Solving a linear PDE, I got the general solution $$f(x,t)=\frac{e^{-t/\tau}}x\sum^\infty_{n=1}a_n\sin(\gamma_n x)$$ where $\gamma_n$ is the nth positive root of $\tan x=x$.
To satisfy the initial condition we require $$\phi(x)=\frac1x\sum^\infty_{n=1}a_n\sin(\gamma_n x)$$
From a physical point of view, $\phi(x)=f(x,0)$ represents the initial temperature profile of the object, which can be arbitrarily defined. Hence, I assumed such a expansion form is possible for most sufficiently well-behaving $\phi(x)$, but I cannot prove it.
What are the necessary and sufficient conditions for expanding a function $\phi(x)$ into $\frac1x\sum^\infty_{n=1}a_n\sin(\gamma_n x)$?
Noteworthily, $\gamma_n\sim\frac{\pi}{2}+n\pi$ thus this series is ‘almost’ a Fourier sine series.

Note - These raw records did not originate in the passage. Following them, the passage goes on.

text \<open>In the application, w is w^k = G x^k + \<xi>^k, d is G x^k - G x^(k-1), e is the estimator
  error e^k, and the next point is y^(k+1) = y^k - \<eta> (w^k + e^k).\<close>
lemma forward_reflected_step_descent:
  fixes X Xp Y Yp xs w d e :: "'a::real_inner"
  assumes \<eta>: "\<eta> > 0" and \<tau>: "\<tau> > 0" and c1: "c1 > 0" and c2: "c2 > 0" and \<gamma>: "\<gamma> > 0"
    and c: "c > 0" and \<rho>: "\<rho> \<ge> 0"
    and w: "\<eta> *\<^sub>R w = (Y - X) + \<eta> *\<^sub>R d"
    and minty: "inner w (X - xs) \<ge> - \<rho> * (norm w)\<^sup>2"
    and lip: "(norm d)\<^sup>2 \<le> L\<^sup>2 * (norm (X - Xp))\<^sup>2"
  defines "K \<equiv> c + 4 * \<rho> + 1 / \<gamma> + 2 * \<eta> / c2"
  shows "(norm (Y - \<eta> *\<^sub>R (w + e) - xs))\<^sup>2 + (1 - \<gamma> * \<eta>) * (norm (Y - \<eta> *\<^sub>R (w + e) - X))\<^sup>2
       + 2 * \<eta> / (c1 * \<tau>) * (norm (X - Y))\<^sup>2 + 2 * \<eta> * (1 - \<tau>) / \<tau> * inner e (xs - Y)
     \<le> (norm (Y - xs))\<^sup>2 + (1 - \<gamma> * \<eta>) * (norm (Y - Xp))\<^sup>2 + 2 * \<eta> / (c1 * \<tau>) * (norm (Xp - Yp))\<^sup>2
       - (1 - 2 * \<eta> / (c1 * \<tau>) - 4 * \<rho> / \<eta> - 2 / c2 - 2 * L\<^sup>2 * \<eta> * K) * (norm (Y - X))\<^sup>2
       - (1 - \<gamma> * \<eta> - (2 * \<eta> / (c1 * \<tau>) + 2 * L\<^sup>2 * \<eta> * K)) * (norm (Y - Xp))\<^sup>2
       - c * L\<^sup>2 * \<eta> * (norm (X - Xp))\<^sup>2
       + 2 * \<eta> / \<tau> * inner e (xs - Yp) + \<eta> * (2 * \<eta> + c1 / \<tau> + c2 * \<eta>) * (norm e)\<^sup>2"
    (is "?lhs \<le> ?rhs")
proof -
  define u where "u = Y - X"
  have "Y - \<eta> *\<^sub>R (w + e) = X - \<eta> *\<^sub>R (d + e)"
    using w by (simp add: scaleR_add_right algebra_simps)
  then have "?lhs = (norm (X - \<eta> *\<^sub>R (d + e) - xs))\<^sup>2 + (1 - \<gamma> * \<eta>) * \<eta>\<^sup>2 * (norm (d + e))\<^sup>2
      + 2 * \<eta> / (c1 * \<tau>) * (norm u)\<^sup>2 + 2 * \<eta> * (1 - \<tau>) / \<tau> * inner e (xs - Y)"
    unfolding u_def by (simp add: norm_minus_commute power_mult_distrib)
  also have "\<dots> = (norm (Y - xs))\<^sup>2 - 2 * inner (u + \<eta> *\<^sub>R d) (X - xs) - (norm u)\<^sup>2
      + 2 * \<eta> * inner u e + (2 - \<gamma> * \<eta>) * \<eta>\<^sup>2 * (norm (d + e))\<^sup>2 + 2 * \<eta> / (c1 * \<tau>) * (norm u)\<^sup>2
      + 2 * \<eta> / \<tau> * inner e (xs - Yp) + 2 * \<eta> / \<tau> * inner e (Yp - Y)"
    using forward_reflected_step_expansion[of \<tau> X \<eta> d e xs \<gamma> Y Yp] \<tau> unfolding u_def by linarith
  also have "\<dots> \<le> (norm (Y - xs))\<^sup>2 + 4 * \<rho> / \<eta> * (norm u)\<^sup>2 + 4 * \<rho> * \<eta> * (norm d)\<^sup>2
      - (norm u)\<^sup>2 + (2 / c2 * (norm u)\<^sup>2 + c2 * \<eta>\<^sup>2 / 2 * (norm e)\<^sup>2)
      + (\<eta> * (1 / \<gamma> + 2 * \<eta> / c2) * (norm d)\<^sup>2 + (2 + c2 / 2) * \<eta>\<^sup>2 * (norm e)\<^sup>2)
      + 2 * \<eta> / (c1 * \<tau>) * (norm u)\<^sup>2 + 2 * \<eta> / \<tau> * inner e (xs - Yp)
      + (c1 * \<eta> / \<tau> * (norm e)\<^sup>2 + 2 * \<eta> / (c1 * \<tau>) * ((norm (Xp - Yp))\<^sup>2 + (norm (Y - Xp))\<^sup>2))"
    (is "_ \<le> ?bound")
  proof -
    have "2 * \<eta> * inner u e \<le> 2 / c2 * (norm u)\<^sup>2 + c2 * \<eta>\<^sup>2 / 2 * (norm e)\<^sup>2"
      using Young_inner[of "2 / c2" u "\<eta> *\<^sub>R e"] c2 by (simp add: power_mult_distrib mult_ac)
    moreover have "(2 - \<gamma> * \<eta>) * \<eta>\<^sup>2 * (norm (d + e))\<^sup>2
        \<le> \<eta> * (1 / \<gamma> + 2 * \<eta> / c2) * (norm d)\<^sup>2 + (2 + c2 / 2) * \<eta>\<^sup>2 * (norm e)\<^sup>2"
    proof -
      have "\<eta> * (1 / \<gamma> + 2 * \<eta> / c2) = \<eta>\<^sup>2 * (1 / (\<gamma> * \<eta>) + 2 / c2)"
        using \<gamma> \<eta> by (simp add: field_simps power2_eq_square)
      then show ?thesis
        using mult_left_mono[OF norm_add_sq_weighted_le[of "\<gamma> * \<eta>" c2 d e], of "\<eta>\<^sup>2"] \<gamma> \<eta> c2
        by (simp add: algebra_simps)
    qed
    moreover have "2 * \<eta> / \<tau> * inner e (Yp - Y)
        \<le> c1 * \<eta> / \<tau> * (norm e)\<^sup>2 + 2 * \<eta> / (c1 * \<tau>) * ((norm (Xp - Yp))\<^sup>2 + (norm (Y - Xp))\<^sup>2)"
      using mult_left_mono[OF Young_inner_three_point[OF c1, of e Yp Y Xp], of "\<eta> / \<tau>"] \<eta> \<tau> c1
      by (simp add: field_simps)
    ultimately show ?thesis
      using weak_minty_step_bound[OF \<eta> \<rho> w[folded u_def] minty] by linarith
  qed
  also have "\<dots> \<le> ?rhs"
  proof -
    have K: "K \<ge> 0" using c \<rho> \<gamma> \<eta> c2 unfolding K_def by (simp add: add_nonneg_nonneg)
    have "(norm (X - Xp))\<^sup>2 \<le> 2 * (norm u)\<^sup>2 + 2 * (norm (Y - Xp))\<^sup>2"
      using norm_add_sq_le[of "X - Y" "Y - Xp"] unfolding u_def by (simp add: norm_minus_commute)
    then have "0 \<le> \<eta> * L\<^sup>2 * K * (2 * (norm u)\<^sup>2 + 2 * (norm (Y - Xp))\<^sup>2 - (norm (X - Xp))\<^sup>2)"
      using \<eta> K by simp
    moreover have "0 \<le> \<eta> * (4 * \<rho> + 1 / \<gamma> + 2 * \<eta> / c2) * (L\<^sup>2 * (norm (X - Xp))\<^sup>2 - (norm d)\<^sup>2)"
      using lip \<eta> \<rho> \<gamma> c2 by (simp add: add_nonneg_nonneg)
    moreover have "?rhs - ?bound
        = \<eta> * L\<^sup>2 * K * (2 * (norm u)\<^sup>2 + 2 * (norm (Y - Xp))\<^sup>2 - (norm (X - Xp))\<^sup>2)
          + \<eta> * (4 * \<rho> + 1 / \<gamma> + 2 * \<eta> / c2) * (L\<^sup>2 * (norm (X - Xp))\<^sup>2 - (norm d)\<^sup>2)"
      using \<eta> \<tau> c1 c2 \<gamma> unfolding u_def K_def by (simp add: field_simps power2_eq_square)
    ultimately have "0 \<le> ?rhs - ?bound" by (metis add_nonneg_nonneg)
    then show ?thesis by (simp only: diff_ge_0_iff_ge)
  qed
  finally show ?thesis .
qed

When this expansion turns out to be mathematically possible, how could one extract the $a_n$s? One possible way is performing fourier transform on both sides, so that $$\int^\infty_{-\infty}x\phi(x)e^{-i\omega x}dx = \sum^\infty_{n=1}a_n\delta(\omega-\gamma_n)$$ assuming $\omega>0$, but often does one have knowledge of $\phi(x)$ only on a physically meaningful region $[0,a]$.